What is the use of the ID field in the source code?


Check out the following source code:

import pandas as pd
from tensorflow.keras import layers, models

colors_df = pd.DataFrame(data=[[5,'yellow'],[1,'red'],[2,'blue'],[3,'green'],[4,'blue'],[7,'purple']], columns=['id', 'color'])

categorical_input = layers.Input(shape=(1,), dtype=tf.string)
one_hot_layer = OneHotEncodingLayer()
one_hot_layer.adapt(colors_df['color'].values)
encoded = one_hot_layer(categorical_input)

numeric_input = layers.Input(shape=(1,), dtype=tf.float32)

concat = layers.concatenate([numeric_input, encoded])

model = models.Model(inputs=[numeric_input, categorical_input], outputs=[concat])
predicted = model.predict([colors_df['id'], colors_df['color']])
print(predicted)
# [[5. 0. 1. 0. 0. 0.]
#  [1. 0. 0. 1. 0. 0.]
#  [2. 1. 0. 0. 0. 0.]
#  [3. 0. 0. 0. 0. 1.]
#  [4. 1. 0. 0. 0. 0.]
#  [7. 0. 0. 0. 1. 0.]]

In the above article, they wrote:

This simple network just accepts a categorical input, One Hot Encodes it, then concatenates the One Hot Encoded features with the numeric input feature. Notice I’ve added a numeric id column to the DataFrame to illustrate how to split categorical inputs from numeric inputs.
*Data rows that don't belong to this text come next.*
(* If $q$ is a power of an odd prime, then the graph $G_q$ is isomorphic to an induced subgraph of $ER_q$.
   Context: For a power $q$ of an odd prime, let $A=\{(a,a^2):a\in\mathbb{F}_q\}\subset\mathbb{F}_q^2$. The graph $G_q$ has vertex set $\mathbb{F}_q\times\mathbb{F}_q$, and distinct vertices $(x_1,x_2)$ and $(y_1,y_2)$ are adjacent if and only if $(x_1,x_2)+(y_1,y_2)\in A$ (equivalently $(x_1+y_1)^2=x_2+y_2$); $G_q$ has no loops. $ER_q$ is the graph whose vertices are the points of $PG(2,q)$, i.e. the $1$-dimensional subspaces of $\mathbb{F}_q^3$, where distinct vertices $(x_0,x_1,x_2)$ and $(y_0,y_1,y_2)$ (homogeneous coordinates) are adjacent if and only if $x_0y_0+x_1y_1+x_2y_2=0$. *)

theory Defs
  imports "HOL-Computational_Algebra.Primes"
begin

text \<open>The finite field F_q is modelled by a finite field type 'a with CARD('a) = q.\<close>

definition parabola :: "('a::field \<times> 'a) set" where
  "parabola = {(a, a^2) | a. True}"

definition Gq_adj :: "('a::field \<times> 'a) \<Rightarrow> ('a \<times> 'a) \<Rightarrow> bool" where
  "Gq_adj x y \<longleftrightarrow> x \<noteq> y \<and> (fst x + fst y, snd x + snd y) \<in> parabola"

definition span1 :: "('a::field \<times> 'a \<times> 'a) \<Rightarrow> ('a \<times> 'a \<times> 'a) set" where
  "span1 v = {(c * fst v, c * fst (snd v), c * snd (snd v)) | c. True}"

definition PG2_points :: "('a::field \<times> 'a \<times> 'a) set set" where
  "PG2_points = {span1 v | v. v \<noteq> (0, 0, 0)}"

definition dot3 :: "('a::field \<times> 'a \<times> 'a) \<Rightarrow> ('a \<times> 'a \<times> 'a) \<Rightarrow> 'a" where
  "dot3 x y = fst x * fst y + fst (snd x) * fst (snd y) + snd (snd x) * snd (snd y)"

text \<open>Adjacency of ER_q: distinct points whose homogeneous coordinates are orthogonal
  (well defined, so we require it for all vectors of the two subspaces).\<close>
definition ER_adj :: "('a::field \<times> 'a \<times> 'a) set \<Rightarrow> ('a \<times> 'a \<times> 'a) set \<Rightarrow> bool" where
  "ER_adj P Q \<longleftrightarrow> P \<in> PG2_points \<and> Q \<in> PG2_points \<and> P \<noteq> Q \<and>
     (\<forall>x\<in>P. \<forall>y\<in>Q. dot3 x y = 0)"

definition Gq_induced_in_ERq :: "'a::field itself \<Rightarrow> bool" where
  "Gq_induced_in_ERq _ \<longleftrightarrow> (\<exists>f :: 'a \<times> 'a \<Rightarrow> ('a \<times> 'a \<times> 'a) set.
     inj f \<and> f ` UNIV \<subseteq> PG2_points \<and>
     (\<forall>u v. Gq_adj u v \<longleftrightarrow> ER_adj (f u) (f v)))"

end

theory Submission
  imports Defs "HOL-Number_Theory.Residues"
begin

(* Let F be a finite field of odd order q.
   (1) By pigeonhole, the (q+1)/2 squares a^2 and the (q+1)/2 values -1 - b^2 must meet,
       so -1 = a^2 + b^2 for some a, b.
   (2) Then e = (a, b, 1), f = -(a, b, -1)/2 and g = (b, -a, 0) form a hyperbolic frame of
       the dot product on F^3: e.e = f.f = e.g = f.g = 0, e.f = 1, g.g = -1.  In coordinates
       with respect to such a frame the dot product reads  al*be' + be*al' - ga*ga'.
   (3) The map psi(x, y) = e - (x^2 - y)/2 * f + x * g satisfies
         psi(u).psi(v) = -((x + x')^2 - (y + y'))/2,
       so orthogonality of psi(u), psi(v) is exactly adjacency in G_q; moreover the
       e-coefficient 1 of psi(u) (read off by the dot product with f) makes u |-> span(psi u)
       injective.
   (4) A general criterion turns any vector map with these two properties into an
       embedding of G_q as an induced subgraph of ER_q; the theorem follows. *)

lemma card_square_roots_le_2:
  fixes s :: "'a::{finite,field}"
  shows "card {x. x^2 = s} \<le> 2"
proof (cases "\<exists>r. r^2 = s")
  case True
  then obtain r where r: "r^2 = s" by blast
  have "{x. x^2 = s} \<subseteq> {r, -r}"
  proof
    fix x assume "x \<in> {x. x^2 = s}"
    hence "(x - r) * (x + r) = 0" using r by (simp add: algebra_simps power2_eq_square)
    thus "x \<in> {r, -r}" by (auto simp: eq_neg_iff_add_eq_0)
  qed
  hence "card {x. x^2 = s} \<le> card {r, -r}" by (intro card_mono) auto
  also have "\<dots> \<le> 2" by (simp add: card_insert_if)
  finally show ?thesis .
qed simp

text \<open>In a finite field of odd order, -1 is a sum of two squares: otherwise the squares and
  the values -1 - b^2 would be two disjoint sets each covering at least half the field.\<close>
lemma minus_one_sum_of_two_squares:
  assumes "odd (card (UNIV :: 'a::{finite,field} set))"
  shows "\<exists>a b :: 'a. a^2 + b^2 = -1"
proof (rule ccontr)
  assume no_sum: "\<not> ?thesis"
  define S where "S = range (\<lambda>a::'a. a^2)"
  define T where "T = (\<lambda>s. -1 - s) ` S"
  have "(UNIV::'a set) = (\<Union>s\<in>S. {x. x^2 = s})" by (auto simp: S_def)
  hence "card (UNIV::'a set) \<le> (\<Sum>s\<in>S. card {x. x^2 = s})"
    by (metis card_UN_le finite)
  also have "\<dots> \<le> (\<Sum>s\<in>S. 2)" by (intro sum_mono card_square_roots_le_2)
  finally have half: "card (UNIV::'a set) \<le> 2 * card S" by simp
  have "inj_on (\<lambda>s::'a. -1 - s) S" by (auto simp: inj_on_def)
  hence card_T: "card T = card S" by (simp add: T_def card_image)
  have "S \<inter> T = {}"
  proof (rule ccontr)
    assume "S \<inter> T \<noteq> {}"
    then obtain a b :: 'a where "a^2 = -1 - b^2"
      unfolding S_def T_def by (auto simp del: diff_minus_eq_add)
    hence "a^2 + b^2 = -1" by (simp add: algebra_simps)
    thus False using no_sum by blast
  qed
  hence "card (S \<union> T) = card S + card T" by (simp add: card_Un_disjoint)
  moreover have "card (S \<union> T) \<le> card (UNIV::'a set)" by (simp add: card_mono)
  ultimately have "card (UNIV::'a set) = 2 * card S" using half card_T by linarith
  thus False using assms by simp
qed

lemma two_neq_zero_if_odd_card:
  assumes "odd (card (UNIV :: 'a::{finite,field} set))"
  shows "(2::'a) \<noteq> 0"
proof
  assume two: "(2::'a) = 0"
  obtain k where k: "card (UNIV :: 'a set) = 2 * k + 1" using assms oddE by blast
  have "of_nat (card (UNIV :: 'a set)) = (0::'a)"
    using CHAR_dvd_CARD of_nat_eq_0_iff_char_dvd by blast
  hence "(2::'a) * of_nat k + 1 = 0" unfolding k by (simp add: add.commute)
  thus False using two by simp
qed

definition smult3 :: "'a::field \<Rightarrow> 'a \<times> 'a \<times> 'a \<Rightarrow> 'a \<times> 'a \<times> 'a" where
  "smult3 c v = (c * fst v, c * fst (snd v), c * snd (snd v))"

definition comb3 :: "'a::field \<Rightarrow> 'a \<Rightarrow> 'a \<Rightarrow> 'a \<times> 'a \<times> 'a \<Rightarrow> 'a \<times> 'a \<times> 'a \<Rightarrow> 'a \<times> 'a \<times> 'a
    \<Rightarrow> 'a \<times> 'a \<times> 'a" where
  "comb3 \<alpha> \<beta> \<gamma> e f g =
     (\<alpha> * fst e + \<beta> * fst f + \<gamma> * fst g,
      \<alpha> * fst (snd e) + \<beta> * fst (snd f) + \<gamma> * fst (snd g),
      \<alpha> * snd (snd e) + \<beta> * snd (snd f) + \<gamma> * snd (snd g))"

lemma span1_eq_smult3: "span1 v = range (\<lambda>c. smult3 c v)"
  by (auto simp: span1_def smult3_def)

lemma smult3_comb3: "smult3 c (comb3 \<alpha> \<beta> \<gamma> e f g) = comb3 (c * \<alpha>) (c * \<beta>) (c * \<gamma>) e f g"
  by (simp add: smult3_def comb3_def algebra_simps)

lemma orthogonal_span1_iff:
  "(\<forall>x\<in>span1 v. \<forall>y\<in>span1 w. dot3 x y = 0) \<longleftrightarrow> dot3 v w = (0::'a::field)"
proof -
  have "dot3 (smult3 c v) (smult3 d w) = c * d * dot3 v w" for c d :: 'a
    by (simp add: smult3_def dot3_def algebra_simps)
  moreover have "v = smult3 1 v" "w = smult3 1 w" by (simp_all add: smult3_def)
  ultimately show ?thesis unfolding span1_eq_smult3 by (auto simp del: mult_1)
qed

lemma span1_eq_imp_proportional:
  assumes "span1 v = span1 (w::'a::field \<times> 'a \<times> 'a)"
  shows "\<exists>c. v = smult3 c w"
proof -
  have "v \<in> span1 v" unfolding span1_eq_smult3 by (auto intro!: image_eqI[of _ _ 1] simp: smult3_def)
  thus ?thesis using assms unfolding span1_eq_smult3 by auto
qed

definition hyperbolic_frame :: "'a::field \<times> 'a \<times> 'a \<Rightarrow> 'a \<times> 'a \<times> 'a \<Rightarrow> 'a \<times> 'a \<times> 'a \<Rightarrow> bool" where
  "hyperbolic_frame e f g \<longleftrightarrow>
     dot3 e e = 0 \<and> dot3 f f = 0 \<and> dot3 e f = 1 \<and> dot3 e g = 0 \<and> dot3 f g = 0 \<and> dot3 g g = -1"

lemma dot3_comb3_frame:
  assumes "hyperbolic_frame e f g"
  shows "dot3 (comb3 \<alpha> \<beta> \<gamma> e f g) (comb3 \<alpha>' \<beta>' \<gamma>' e f g) = \<alpha> * \<beta>' + \<beta> * \<alpha>' - \<gamma> * \<gamma>'"
proof -
  have "dot3 (comb3 \<alpha> \<beta> \<gamma> e f g) (comb3 \<alpha>' \<beta>' \<gamma>' e f g) =
      \<alpha>*\<alpha>' * dot3 e e + (\<alpha>*\<beta>' + \<beta>*\<alpha>') * dot3 e f + (\<alpha>*\<gamma>' + \<gamma>*\<alpha>') * dot3 e g
      + \<beta>*\<beta>' * dot3 f f + (\<beta>*\<gamma>' + \<gamma>*\<beta>') * dot3 f g + \<gamma>*\<gamma>' * dot3 g g"
    by (simp add: comb3_def dot3_def algebra_simps)
  thus ?thesis using assms by (simp add: hyperbolic_frame_def)
qed

lemma dot3_comb3_coordinates:
  assumes "hyperbolic_frame e f g"
  shows "dot3 (comb3 \<alpha> \<beta> \<gamma> e f g) f = \<alpha>"
    and "dot3 (comb3 \<alpha> \<beta> \<gamma> e f g) e = \<beta>"
    and "dot3 (comb3 \<alpha> \<beta> \<gamma> e f g) g = - \<gamma>"
proof -
  have e: "comb3 1 0 0 e f g = e" and f: "comb3 0 1 0 e f g = f" and g: "comb3 0 0 1 e f g = g"
    by (simp_all add: comb3_def)
  show "dot3 (comb3 \<alpha> \<beta> \<gamma> e f g) f = \<alpha>"
    using dot3_comb3_frame[OF assms, of \<alpha> \<beta> \<gamma> 0 1 0] by (simp add: f)
  show "dot3 (comb3 \<alpha> \<beta> \<gamma> e f g) e = \<beta>"
    using dot3_comb3_frame[OF assms, of \<alpha> \<beta> \<gamma> 1 0 0] by (simp add: e)
  show "dot3 (comb3 \<alpha> \<beta> \<gamma> e f g) g = - \<gamma>"
    using dot3_comb3_frame[OF assms, of \<alpha> \<beta> \<gamma> 0 0 1] by (simp add: g)
qed

lemma comb3_frame_inj:
  assumes frame: "hyperbolic_frame e f g"
    and eq: "comb3 \<alpha> \<beta> \<gamma> e f g = comb3 \<alpha>' \<beta>' \<gamma>' e f g"
  shows "\<alpha> = \<alpha>' \<and> \<beta> = \<beta>' \<and> \<gamma> = \<gamma>'"
  using dot3_comb3_coordinates[OF frame, of \<alpha> \<beta> \<gamma>] dot3_comb3_coordinates[OF frame, of \<alpha>' \<beta>' \<gamma>'] eq
  by simp

lemma hyperbolic_frame_exists:
  assumes "odd (card (UNIV :: 'a::{finite,field} set))"
  shows "\<exists>e f g :: 'a \<times> 'a \<times> 'a. hyperbolic_frame e f g"
proof -
  obtain a b :: 'a where ab: "a^2 + b^2 = -1"
    using minus_one_sum_of_two_squares[OF assms] by blast
  have two: "(2::'a) \<noteq> 0" using two_neq_zero_if_odd_card[OF assms] .
  define e where "e = (a, b, 1::'a)"
  define f where "f = (- a / 2, - b / 2, 1 / 2 :: 'a)"
  define g where "g = (b, - a, 0::'a)"
  have "dot3 e e = a^2 + b^2 + 1" "dot3 f f = (a^2 + b^2 + 1) / 4"
       "dot3 e f = (1 - (a^2 + b^2)) / 2" "dot3 g g = a^2 + b^2"
    using two by (simp_all add: e_def f_def g_def dot3_def field_simps power2_eq_square)
  moreover have "dot3 e g = 0" "dot3 f g = 0"
    by (simp_all add: e_def f_def g_def dot3_def algebra_simps)
  ultimately have "hyperbolic_frame e f g"
    using ab two by (simp add: hyperbolic_frame_def)
  thus ?thesis by blast
qed

lemma induced_embedding_from_vectors:
  fixes \<psi> :: "'a::field \<times> 'a \<Rightarrow> 'a \<times> 'a \<times> 'a"
  assumes nonzero: "\<And>u. \<psi> u \<noteq> (0, 0, 0)"
    and inj_lines: "inj (\<lambda>u. span1 (\<psi> u))"
    and orth_iff: "\<And>u v. dot3 (\<psi> u) (\<psi> v) = 0 \<longleftrightarrow> (fst u + fst v)^2 = snd u + snd v"
  shows "Gq_induced_in_ERq TYPE('a)"
proof -
  define F where "F = (\<lambda>u. span1 (\<psi> u))"
  have points: "F u \<in> PG2_points" for u
    using nonzero unfolding F_def PG2_points_def by blast
  have "Gq_adj u v \<longleftrightarrow> ER_adj (F u) (F v)" for u v
  proof -
    have "Gq_adj u v \<longleftrightarrow> u \<noteq> v \<and> (fst u + fst v)^2 = snd u + snd v"
      unfolding Gq_adj_def parabola_def by auto
    moreover have "ER_adj (F u) (F v) \<longleftrightarrow> F u \<noteq> F v \<and> dot3 (\<psi> u) (\<psi> v) = 0"
      unfolding ER_adj_def using points by (simp add: F_def orthogonal_span1_iff)
    moreover have "F u \<noteq> F v \<longleftrightarrow> u \<noteq> v"
      using inj_lines unfolding F_def by (meson injD)
    ultimately show ?thesis using orth_iff by blast
  qed
  thus ?thesis unfolding Gq_induced_in_ERq_def using inj_lines points F_def by blast
qed

definition frame_embedding ::
    "'a::field \<times> 'a \<times> 'a \<Rightarrow> 'a \<times> 'a \<times> 'a \<Rightarrow> 'a \<times> 'a \<times> 'a \<Rightarrow> 'a \<times> 'a \<Rightarrow> 'a \<times> 'a \<times> 'a" where
  "frame_embedding e f g u = comb3 1 (- (fst u ^ 2 - snd u) / 2) (fst u) e f g"

lemma dot3_frame_embedding:
  fixes e f g :: "'a::field \<times> 'a \<times> 'a"
  assumes "hyperbolic_frame e f g" and two: "(2::'a) \<noteq> 0"
  shows "dot3 (frame_embedding e f g u) (frame_embedding e f g v)
           = - ((fst u + fst v)^2 - (snd u + snd v)) / (2::'a)"
proof -
  have "dot3 (frame_embedding e f g u) (frame_embedding e f g v)
      = - (fst v ^ 2 - snd v) / 2 + - (fst u ^ 2 - snd u) / 2 - fst u * fst v"
    unfolding frame_embedding_def dot3_comb3_frame[OF assms(1)] by (simp only: mult_1_left mult_1_right)
  also have "\<dots> = - ((fst u + fst v)^2 - (snd u + snd v)) / 2"
    using two by (simp add: add_divide_distrib diff_divide_distrib power2_sum algebra_simps)
  finally show ?thesis .
qed

text \<open>Every vertex is sent to a nonzero vector, since its e-coefficient is 1.\<close>
lemma frame_embedding_nonzero:
  assumes frame: "hyperbolic_frame e f g"
  shows "frame_embedding e f g u \<noteq> (0, 0, 0)"
proof
  assume "frame_embedding e f g u = (0, 0, 0)"
  hence "dot3 (frame_embedding e f g u) f = 0" by (simp add: dot3_def)
  thus False by (simp add: frame_embedding_def dot3_comb3_coordinates(1)[OF frame])
qed

text \<open>Distinct vertices are sent to distinct lines: proportional images have the same
  e-coefficient 1, hence coincide, and then their frame coordinates agree.\<close>
lemma inj_frame_embedding_lines:
  fixes e f g :: "'a::field \<times> 'a \<times> 'a"
  assumes frame: "hyperbolic_frame e f g" and two: "(2::'a) \<noteq> 0"
  shows "inj (\<lambda>u. span1 (frame_embedding e f g u))"
proof (rule injI)
  fix u v
  assume "span1 (frame_embedding e f g u) = span1 (frame_embedding e f g v)"
  then obtain c where "frame_embedding e f g u = smult3 c (frame_embedding e f g v)"
    using span1_eq_imp_proportional by blast
  hence "comb3 1 (- (fst u ^ 2 - snd u) / 2) (fst u) e f g
       = comb3 c (c * (- (fst v ^ 2 - snd v) / 2)) (c * fst v) e f g"
    unfolding frame_embedding_def smult3_comb3 by simp
  from comb3_frame_inj[OF frame this] have "fst u = fst v" "snd u = snd v"
    using two by (auto simp: field_simps)
  thus "u = v" by (simp add: prod_eq_iff)
qed

theorem theorem1p4:
  fixes p n :: nat and F :: "'a::{finite,field} itself"
  assumes "prime p" and "odd p" and "n \<ge> 1"
    and "card (UNIV :: 'a set) = p ^ n"
  shows "Gq_induced_in_ERq TYPE('a)"
proof -
  have odd_card: "odd (card (UNIV :: 'a set))" using assms by simp
  obtain e f g :: "'a \<times> 'a \<times> 'a" where frame: "hyperbolic_frame e f g"
    using hyperbolic_frame_exists[OF odd_card] by blast
  have two: "(2::'a) \<noteq> 0" using two_neq_zero_if_odd_card[OF odd_card] .
  show ?thesis
  proof (rule induced_embedding_from_vectors)
    show "frame_embedding e f g u \<noteq> (0, 0, 0)" for u
      using frame_embedding_nonzero[OF frame] .
    show "inj (\<lambda>u. span1 (frame_embedding e f g u))"
      using inj_frame_embedding_lines[OF frame two] .
    show "dot3 (frame_embedding e f g u) (frame_embedding e f g v) = 0
            \<longleftrightarrow> (fst u + fst v)^2 = snd u + snd v" for u v
      by (auto simp: dot3_frame_embedding[OF frame two] two)
  qed
qed

end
I haven't understood this.

Why was an id column supplied along with those 5-digit one-hot codes?

What was its use in the overall application?


Solution

  • The blog post, simply added Id, to keep a connection between input strings and one hot encoded output, in order to audiences be able to track which input string, converted to which one hot row.

    It just added the Ids as input and without no processing at output to show you, e.g. yellow which it's id is 5, converted to [0. 1. 0. 0. 0.].

    It has no other effect on the model i.e. performance, but just for demonstration purposes.